Collected data entries:
↓↓↓

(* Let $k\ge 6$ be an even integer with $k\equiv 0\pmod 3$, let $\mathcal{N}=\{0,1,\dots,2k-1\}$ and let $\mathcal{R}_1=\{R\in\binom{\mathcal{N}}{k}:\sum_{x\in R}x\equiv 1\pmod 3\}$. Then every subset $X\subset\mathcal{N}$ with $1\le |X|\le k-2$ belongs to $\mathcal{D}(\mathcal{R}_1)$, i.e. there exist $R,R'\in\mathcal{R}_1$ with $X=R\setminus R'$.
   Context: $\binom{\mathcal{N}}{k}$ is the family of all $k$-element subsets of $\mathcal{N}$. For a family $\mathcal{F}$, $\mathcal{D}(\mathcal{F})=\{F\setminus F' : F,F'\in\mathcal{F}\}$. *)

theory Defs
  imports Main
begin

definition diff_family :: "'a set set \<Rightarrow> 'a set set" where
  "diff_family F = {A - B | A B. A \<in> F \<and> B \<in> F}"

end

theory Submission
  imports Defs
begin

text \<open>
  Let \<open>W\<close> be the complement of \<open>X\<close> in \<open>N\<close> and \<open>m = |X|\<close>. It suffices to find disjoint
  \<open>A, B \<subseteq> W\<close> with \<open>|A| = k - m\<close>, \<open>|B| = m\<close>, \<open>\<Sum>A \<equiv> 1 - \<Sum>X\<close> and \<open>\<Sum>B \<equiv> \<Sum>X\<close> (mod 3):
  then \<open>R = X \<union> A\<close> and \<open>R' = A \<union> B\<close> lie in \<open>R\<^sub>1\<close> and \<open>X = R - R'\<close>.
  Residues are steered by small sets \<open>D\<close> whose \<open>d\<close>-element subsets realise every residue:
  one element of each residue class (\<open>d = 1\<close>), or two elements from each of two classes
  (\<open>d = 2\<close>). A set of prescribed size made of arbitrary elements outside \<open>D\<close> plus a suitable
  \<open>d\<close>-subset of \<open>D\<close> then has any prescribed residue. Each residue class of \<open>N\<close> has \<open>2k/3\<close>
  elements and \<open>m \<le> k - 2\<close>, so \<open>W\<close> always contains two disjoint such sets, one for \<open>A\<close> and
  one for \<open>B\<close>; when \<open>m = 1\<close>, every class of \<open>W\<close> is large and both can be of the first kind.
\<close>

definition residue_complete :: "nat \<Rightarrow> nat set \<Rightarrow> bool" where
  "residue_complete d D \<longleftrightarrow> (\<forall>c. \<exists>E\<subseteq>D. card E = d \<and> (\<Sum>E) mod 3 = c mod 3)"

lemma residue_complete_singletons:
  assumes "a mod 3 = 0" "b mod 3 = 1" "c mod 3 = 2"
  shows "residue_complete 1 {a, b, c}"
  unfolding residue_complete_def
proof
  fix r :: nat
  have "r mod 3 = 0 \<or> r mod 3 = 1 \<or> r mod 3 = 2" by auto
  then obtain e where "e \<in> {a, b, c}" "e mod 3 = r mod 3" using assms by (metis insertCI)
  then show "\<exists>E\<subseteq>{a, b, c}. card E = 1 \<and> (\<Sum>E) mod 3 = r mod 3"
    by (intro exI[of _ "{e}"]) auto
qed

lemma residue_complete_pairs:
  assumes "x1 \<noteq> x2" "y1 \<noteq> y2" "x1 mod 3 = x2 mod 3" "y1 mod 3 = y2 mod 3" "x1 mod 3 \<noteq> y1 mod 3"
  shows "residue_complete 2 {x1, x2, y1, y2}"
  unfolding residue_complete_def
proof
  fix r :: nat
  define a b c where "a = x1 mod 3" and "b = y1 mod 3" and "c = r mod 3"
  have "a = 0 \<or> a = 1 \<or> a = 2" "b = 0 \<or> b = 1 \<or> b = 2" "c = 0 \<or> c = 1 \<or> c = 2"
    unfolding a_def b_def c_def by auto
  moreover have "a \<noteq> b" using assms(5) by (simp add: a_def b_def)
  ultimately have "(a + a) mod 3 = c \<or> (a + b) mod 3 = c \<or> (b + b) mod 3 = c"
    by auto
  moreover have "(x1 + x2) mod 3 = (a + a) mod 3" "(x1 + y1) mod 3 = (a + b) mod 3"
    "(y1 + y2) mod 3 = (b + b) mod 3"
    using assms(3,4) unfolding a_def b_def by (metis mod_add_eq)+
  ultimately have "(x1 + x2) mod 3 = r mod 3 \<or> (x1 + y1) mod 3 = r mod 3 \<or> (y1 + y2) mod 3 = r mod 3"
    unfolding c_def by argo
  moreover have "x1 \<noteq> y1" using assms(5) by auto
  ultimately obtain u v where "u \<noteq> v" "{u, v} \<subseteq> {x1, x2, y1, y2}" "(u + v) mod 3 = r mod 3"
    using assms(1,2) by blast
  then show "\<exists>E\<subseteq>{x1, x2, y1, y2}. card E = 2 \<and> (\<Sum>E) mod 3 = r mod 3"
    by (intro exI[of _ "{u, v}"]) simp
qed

↑↑↑
↓↓↓

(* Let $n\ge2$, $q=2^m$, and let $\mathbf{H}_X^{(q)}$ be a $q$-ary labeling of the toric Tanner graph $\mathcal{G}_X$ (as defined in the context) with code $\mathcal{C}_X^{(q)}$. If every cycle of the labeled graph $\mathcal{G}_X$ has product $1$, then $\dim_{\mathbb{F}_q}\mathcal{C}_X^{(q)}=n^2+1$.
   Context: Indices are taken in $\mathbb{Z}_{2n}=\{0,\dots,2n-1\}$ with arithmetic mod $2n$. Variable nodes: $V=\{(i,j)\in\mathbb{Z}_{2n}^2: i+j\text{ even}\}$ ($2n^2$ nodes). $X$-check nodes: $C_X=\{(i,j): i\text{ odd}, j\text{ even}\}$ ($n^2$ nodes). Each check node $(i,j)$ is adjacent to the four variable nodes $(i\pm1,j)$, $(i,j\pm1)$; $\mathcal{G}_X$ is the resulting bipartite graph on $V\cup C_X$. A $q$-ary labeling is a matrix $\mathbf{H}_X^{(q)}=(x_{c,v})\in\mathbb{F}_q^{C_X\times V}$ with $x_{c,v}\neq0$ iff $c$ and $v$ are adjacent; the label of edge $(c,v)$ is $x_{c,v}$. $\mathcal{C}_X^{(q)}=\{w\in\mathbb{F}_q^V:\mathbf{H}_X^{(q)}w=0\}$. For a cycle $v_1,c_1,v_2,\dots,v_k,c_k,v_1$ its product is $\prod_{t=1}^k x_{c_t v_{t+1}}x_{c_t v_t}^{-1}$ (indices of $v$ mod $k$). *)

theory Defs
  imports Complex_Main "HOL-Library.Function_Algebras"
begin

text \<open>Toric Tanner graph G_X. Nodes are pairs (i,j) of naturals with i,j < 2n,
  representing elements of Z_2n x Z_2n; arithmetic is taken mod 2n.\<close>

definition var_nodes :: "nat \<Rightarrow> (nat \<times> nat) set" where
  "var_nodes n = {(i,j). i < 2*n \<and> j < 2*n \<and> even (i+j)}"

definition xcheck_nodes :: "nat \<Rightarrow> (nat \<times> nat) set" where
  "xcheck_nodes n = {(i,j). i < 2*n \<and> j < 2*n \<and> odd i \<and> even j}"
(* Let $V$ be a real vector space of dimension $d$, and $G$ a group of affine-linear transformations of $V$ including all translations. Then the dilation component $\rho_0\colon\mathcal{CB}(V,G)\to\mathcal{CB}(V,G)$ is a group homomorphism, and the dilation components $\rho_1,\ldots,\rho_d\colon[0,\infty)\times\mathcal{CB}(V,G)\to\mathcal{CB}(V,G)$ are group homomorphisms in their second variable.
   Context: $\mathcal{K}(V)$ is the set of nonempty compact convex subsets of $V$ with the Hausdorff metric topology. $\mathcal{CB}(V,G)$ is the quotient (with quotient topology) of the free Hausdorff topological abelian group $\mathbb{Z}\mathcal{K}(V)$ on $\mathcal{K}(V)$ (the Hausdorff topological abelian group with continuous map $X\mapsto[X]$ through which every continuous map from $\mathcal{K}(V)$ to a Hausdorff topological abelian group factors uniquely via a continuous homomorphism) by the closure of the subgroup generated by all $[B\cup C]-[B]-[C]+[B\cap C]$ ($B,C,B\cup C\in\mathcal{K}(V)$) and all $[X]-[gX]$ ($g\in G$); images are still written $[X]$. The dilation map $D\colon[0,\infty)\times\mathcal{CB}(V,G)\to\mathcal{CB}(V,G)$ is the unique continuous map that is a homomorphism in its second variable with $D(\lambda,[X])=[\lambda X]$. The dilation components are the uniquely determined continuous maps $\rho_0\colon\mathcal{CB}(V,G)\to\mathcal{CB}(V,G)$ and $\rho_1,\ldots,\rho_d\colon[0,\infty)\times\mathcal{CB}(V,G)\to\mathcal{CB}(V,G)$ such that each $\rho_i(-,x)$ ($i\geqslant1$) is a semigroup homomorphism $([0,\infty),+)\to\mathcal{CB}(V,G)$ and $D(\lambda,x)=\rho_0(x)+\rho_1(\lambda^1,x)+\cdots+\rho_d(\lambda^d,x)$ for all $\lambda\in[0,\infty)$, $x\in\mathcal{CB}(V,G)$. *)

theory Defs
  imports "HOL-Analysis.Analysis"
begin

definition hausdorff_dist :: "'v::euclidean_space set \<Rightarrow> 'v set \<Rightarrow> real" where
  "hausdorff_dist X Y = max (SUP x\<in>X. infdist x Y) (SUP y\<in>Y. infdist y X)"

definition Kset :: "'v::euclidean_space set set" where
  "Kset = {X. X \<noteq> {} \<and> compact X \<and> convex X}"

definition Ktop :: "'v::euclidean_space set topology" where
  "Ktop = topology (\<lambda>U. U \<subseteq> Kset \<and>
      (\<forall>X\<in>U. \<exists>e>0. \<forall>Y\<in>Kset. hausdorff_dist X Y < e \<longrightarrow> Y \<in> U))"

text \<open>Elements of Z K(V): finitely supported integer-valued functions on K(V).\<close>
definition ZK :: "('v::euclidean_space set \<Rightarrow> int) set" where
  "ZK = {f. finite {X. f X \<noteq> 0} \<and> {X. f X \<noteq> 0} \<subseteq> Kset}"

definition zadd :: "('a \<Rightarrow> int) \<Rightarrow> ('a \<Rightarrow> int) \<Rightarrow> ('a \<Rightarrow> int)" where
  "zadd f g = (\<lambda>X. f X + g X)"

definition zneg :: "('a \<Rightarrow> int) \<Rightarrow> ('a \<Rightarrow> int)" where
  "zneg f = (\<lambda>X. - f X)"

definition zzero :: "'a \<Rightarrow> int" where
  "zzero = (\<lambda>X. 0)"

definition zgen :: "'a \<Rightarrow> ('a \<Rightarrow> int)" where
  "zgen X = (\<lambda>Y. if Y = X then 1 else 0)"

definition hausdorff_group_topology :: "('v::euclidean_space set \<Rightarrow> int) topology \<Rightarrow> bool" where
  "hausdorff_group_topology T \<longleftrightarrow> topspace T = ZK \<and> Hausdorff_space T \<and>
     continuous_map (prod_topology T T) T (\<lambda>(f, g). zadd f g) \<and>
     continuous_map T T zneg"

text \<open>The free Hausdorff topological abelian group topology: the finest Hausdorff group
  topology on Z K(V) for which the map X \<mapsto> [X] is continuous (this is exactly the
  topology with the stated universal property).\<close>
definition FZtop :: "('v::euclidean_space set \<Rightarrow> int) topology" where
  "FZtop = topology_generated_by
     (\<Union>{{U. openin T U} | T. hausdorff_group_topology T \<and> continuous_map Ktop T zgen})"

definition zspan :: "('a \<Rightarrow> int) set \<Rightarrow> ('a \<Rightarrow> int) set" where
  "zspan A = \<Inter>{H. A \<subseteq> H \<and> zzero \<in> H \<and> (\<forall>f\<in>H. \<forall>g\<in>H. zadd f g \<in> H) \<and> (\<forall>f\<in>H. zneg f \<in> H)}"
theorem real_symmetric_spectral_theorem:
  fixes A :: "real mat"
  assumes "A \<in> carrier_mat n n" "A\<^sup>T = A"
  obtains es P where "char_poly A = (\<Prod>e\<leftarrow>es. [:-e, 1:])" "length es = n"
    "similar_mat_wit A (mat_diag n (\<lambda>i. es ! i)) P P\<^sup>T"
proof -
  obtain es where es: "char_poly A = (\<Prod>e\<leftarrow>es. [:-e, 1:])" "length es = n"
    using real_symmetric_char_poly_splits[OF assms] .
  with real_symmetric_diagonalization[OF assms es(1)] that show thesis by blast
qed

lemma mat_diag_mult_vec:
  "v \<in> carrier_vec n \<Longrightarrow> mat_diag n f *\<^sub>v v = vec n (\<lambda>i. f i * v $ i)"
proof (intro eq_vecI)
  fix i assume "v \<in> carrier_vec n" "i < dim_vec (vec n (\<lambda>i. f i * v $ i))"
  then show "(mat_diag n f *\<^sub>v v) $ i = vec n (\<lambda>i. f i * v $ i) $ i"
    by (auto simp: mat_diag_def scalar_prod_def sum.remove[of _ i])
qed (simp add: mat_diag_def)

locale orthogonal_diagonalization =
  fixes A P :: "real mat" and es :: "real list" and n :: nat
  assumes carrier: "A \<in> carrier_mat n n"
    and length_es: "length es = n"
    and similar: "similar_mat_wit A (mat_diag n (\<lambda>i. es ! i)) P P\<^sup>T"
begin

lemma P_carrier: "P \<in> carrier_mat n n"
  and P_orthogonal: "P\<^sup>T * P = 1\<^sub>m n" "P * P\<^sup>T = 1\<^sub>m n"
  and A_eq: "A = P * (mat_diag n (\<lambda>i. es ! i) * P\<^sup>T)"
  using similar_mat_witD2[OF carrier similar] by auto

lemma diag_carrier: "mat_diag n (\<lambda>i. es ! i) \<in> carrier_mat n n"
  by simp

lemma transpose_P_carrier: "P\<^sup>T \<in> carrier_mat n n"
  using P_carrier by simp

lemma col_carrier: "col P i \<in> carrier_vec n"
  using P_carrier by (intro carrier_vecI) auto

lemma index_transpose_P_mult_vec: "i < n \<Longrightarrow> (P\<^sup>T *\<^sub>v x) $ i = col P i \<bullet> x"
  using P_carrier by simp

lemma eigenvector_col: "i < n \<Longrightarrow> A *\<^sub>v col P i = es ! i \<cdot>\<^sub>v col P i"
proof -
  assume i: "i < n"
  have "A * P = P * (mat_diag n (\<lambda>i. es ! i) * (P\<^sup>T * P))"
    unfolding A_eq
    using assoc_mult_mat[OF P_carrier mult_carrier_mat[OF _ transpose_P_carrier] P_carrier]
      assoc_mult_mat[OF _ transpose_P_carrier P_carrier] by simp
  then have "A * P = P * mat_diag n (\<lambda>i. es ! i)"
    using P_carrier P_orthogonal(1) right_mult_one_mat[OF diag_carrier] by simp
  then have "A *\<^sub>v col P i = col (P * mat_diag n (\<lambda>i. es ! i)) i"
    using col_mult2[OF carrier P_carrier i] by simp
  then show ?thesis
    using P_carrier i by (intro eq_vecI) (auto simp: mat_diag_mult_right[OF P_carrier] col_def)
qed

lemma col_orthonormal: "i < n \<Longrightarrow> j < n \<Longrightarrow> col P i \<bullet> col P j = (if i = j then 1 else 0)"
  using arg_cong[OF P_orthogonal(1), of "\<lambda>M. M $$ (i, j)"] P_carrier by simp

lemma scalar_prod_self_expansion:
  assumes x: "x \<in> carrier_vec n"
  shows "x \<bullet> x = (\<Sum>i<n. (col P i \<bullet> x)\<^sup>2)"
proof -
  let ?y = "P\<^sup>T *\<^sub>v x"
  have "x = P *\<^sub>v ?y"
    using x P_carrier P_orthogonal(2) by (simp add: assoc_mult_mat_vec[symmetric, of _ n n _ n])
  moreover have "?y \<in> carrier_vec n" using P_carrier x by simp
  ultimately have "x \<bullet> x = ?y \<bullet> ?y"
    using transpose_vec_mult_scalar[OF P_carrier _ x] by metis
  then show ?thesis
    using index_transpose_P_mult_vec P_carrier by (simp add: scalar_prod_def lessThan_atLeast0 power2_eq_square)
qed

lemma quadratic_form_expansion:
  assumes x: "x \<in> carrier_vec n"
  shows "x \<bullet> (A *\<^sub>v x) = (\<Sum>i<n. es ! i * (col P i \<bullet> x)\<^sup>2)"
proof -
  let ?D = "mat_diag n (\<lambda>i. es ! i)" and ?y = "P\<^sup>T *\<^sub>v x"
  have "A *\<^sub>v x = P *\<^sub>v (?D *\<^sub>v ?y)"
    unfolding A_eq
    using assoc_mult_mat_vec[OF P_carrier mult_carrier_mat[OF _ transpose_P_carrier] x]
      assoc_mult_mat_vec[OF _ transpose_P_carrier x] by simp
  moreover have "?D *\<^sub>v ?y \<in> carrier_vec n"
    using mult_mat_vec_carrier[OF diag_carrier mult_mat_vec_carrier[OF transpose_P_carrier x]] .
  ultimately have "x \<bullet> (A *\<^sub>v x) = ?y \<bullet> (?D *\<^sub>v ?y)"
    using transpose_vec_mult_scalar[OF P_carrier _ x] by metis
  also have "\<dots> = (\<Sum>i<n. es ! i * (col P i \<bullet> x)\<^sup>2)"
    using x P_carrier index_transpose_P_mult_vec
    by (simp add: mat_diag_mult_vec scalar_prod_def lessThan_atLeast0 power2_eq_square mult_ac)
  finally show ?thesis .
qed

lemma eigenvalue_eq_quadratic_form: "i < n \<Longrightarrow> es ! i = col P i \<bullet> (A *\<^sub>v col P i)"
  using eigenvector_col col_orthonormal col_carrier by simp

↑↑↑
↓↓↓

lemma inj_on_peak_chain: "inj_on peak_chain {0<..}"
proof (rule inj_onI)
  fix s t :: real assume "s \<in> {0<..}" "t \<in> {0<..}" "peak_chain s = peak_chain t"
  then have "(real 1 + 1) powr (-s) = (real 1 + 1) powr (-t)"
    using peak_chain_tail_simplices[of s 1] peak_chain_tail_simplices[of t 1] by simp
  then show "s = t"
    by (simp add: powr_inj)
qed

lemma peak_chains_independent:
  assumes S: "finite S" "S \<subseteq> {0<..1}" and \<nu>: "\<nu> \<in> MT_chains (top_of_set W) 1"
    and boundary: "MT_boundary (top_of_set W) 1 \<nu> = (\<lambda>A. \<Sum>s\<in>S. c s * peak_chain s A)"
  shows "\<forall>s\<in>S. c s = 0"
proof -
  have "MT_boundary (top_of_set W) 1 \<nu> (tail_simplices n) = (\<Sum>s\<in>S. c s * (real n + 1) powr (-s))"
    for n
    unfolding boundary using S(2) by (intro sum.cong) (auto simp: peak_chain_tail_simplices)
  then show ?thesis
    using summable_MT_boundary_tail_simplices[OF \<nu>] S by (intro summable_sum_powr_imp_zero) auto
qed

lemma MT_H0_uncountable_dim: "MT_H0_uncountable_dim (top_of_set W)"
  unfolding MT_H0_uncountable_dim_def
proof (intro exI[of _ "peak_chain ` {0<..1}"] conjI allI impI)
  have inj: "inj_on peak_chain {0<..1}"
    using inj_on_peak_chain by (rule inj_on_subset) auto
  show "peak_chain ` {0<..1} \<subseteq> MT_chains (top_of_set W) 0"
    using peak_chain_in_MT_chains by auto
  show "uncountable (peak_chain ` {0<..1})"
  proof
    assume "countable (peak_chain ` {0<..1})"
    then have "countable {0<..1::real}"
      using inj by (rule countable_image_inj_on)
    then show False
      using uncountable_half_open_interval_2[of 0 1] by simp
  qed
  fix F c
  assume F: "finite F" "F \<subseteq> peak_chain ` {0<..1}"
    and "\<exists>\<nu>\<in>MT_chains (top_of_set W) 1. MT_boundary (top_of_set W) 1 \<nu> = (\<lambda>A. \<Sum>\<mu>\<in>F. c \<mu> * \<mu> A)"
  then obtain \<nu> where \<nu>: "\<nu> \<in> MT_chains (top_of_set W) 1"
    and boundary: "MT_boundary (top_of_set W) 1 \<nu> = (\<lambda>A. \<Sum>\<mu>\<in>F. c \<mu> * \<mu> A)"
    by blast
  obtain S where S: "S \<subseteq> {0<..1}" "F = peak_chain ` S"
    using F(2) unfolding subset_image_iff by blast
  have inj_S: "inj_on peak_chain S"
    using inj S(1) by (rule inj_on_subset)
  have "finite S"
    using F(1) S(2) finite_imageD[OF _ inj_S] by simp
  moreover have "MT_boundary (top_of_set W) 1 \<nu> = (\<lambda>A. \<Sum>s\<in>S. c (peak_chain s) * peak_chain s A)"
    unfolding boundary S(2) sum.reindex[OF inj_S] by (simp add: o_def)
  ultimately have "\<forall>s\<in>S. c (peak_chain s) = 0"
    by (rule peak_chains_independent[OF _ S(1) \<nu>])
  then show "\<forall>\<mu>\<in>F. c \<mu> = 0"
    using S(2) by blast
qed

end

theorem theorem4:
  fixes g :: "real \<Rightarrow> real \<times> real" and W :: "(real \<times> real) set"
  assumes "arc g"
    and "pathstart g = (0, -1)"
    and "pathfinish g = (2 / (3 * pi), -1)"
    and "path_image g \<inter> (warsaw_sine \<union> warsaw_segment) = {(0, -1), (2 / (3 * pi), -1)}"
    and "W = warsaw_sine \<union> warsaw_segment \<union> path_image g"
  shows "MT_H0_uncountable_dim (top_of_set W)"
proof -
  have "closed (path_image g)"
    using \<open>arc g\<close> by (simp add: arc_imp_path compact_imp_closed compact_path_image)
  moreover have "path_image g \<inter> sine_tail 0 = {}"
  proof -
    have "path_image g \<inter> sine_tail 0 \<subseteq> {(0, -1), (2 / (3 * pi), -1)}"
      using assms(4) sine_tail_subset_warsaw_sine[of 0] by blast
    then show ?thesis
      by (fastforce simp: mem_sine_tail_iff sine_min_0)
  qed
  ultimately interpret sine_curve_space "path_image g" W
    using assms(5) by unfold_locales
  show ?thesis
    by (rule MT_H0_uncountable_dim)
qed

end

↑↑↑

- _INSTRUCTIONS FOR THE TASK_
From the records above, reproduce exactly the lines from the one with "topology on Z" to the one with "using real_symmetric_char_poly_splits[OF assms]", both included, and no others.

- _RESPONSE_
  topology on Z K(V) for which the map X \<mapsto> [X] is continuous (this is exactly the
  topology with the stated universal property).\<close>
definition FZtop :: "('v::euclidean_space set \<Rightarrow> int) topology" where
  "FZtop = topology_generated_by
     (\<Union>{{U. openin T U} | T. hausdorff_group_topology T \<and> continuous_map Ktop T zgen})"

definition zspan :: "('a \<Rightarrow> int) set \<Rightarrow> ('a \<Rightarrow> int) set" where
  "zspan A = \<Inter>{H. A \<subseteq> H \<and> zzero \<in> H \<and> (\<forall>f\<in>H. \<forall>g\<in>H. zadd f g \<in> H) \<and> (\<forall>f\<in>H. zneg f \<in> H)}"
theorem real_symmetric_spectral_theorem:
  fixes A :: "real mat"
  assumes "A \<in> carrier_mat n n" "A\<^sup>T = A"
  obtains es P where "char_poly A = (\<Prod>e\<leftarrow>es. [:-e, 1:])" "length es = n"
    "similar_mat_wit A (mat_diag n (\<lambda>i. es ! i)) P P\<^sup>T"
proof -
  obtain es where es: "char_poly A = (\<Prod>e\<leftarrow>es. [:-e, 1:])" "length es = n"
    using real_symmetric_char_poly_splits[OF assms] .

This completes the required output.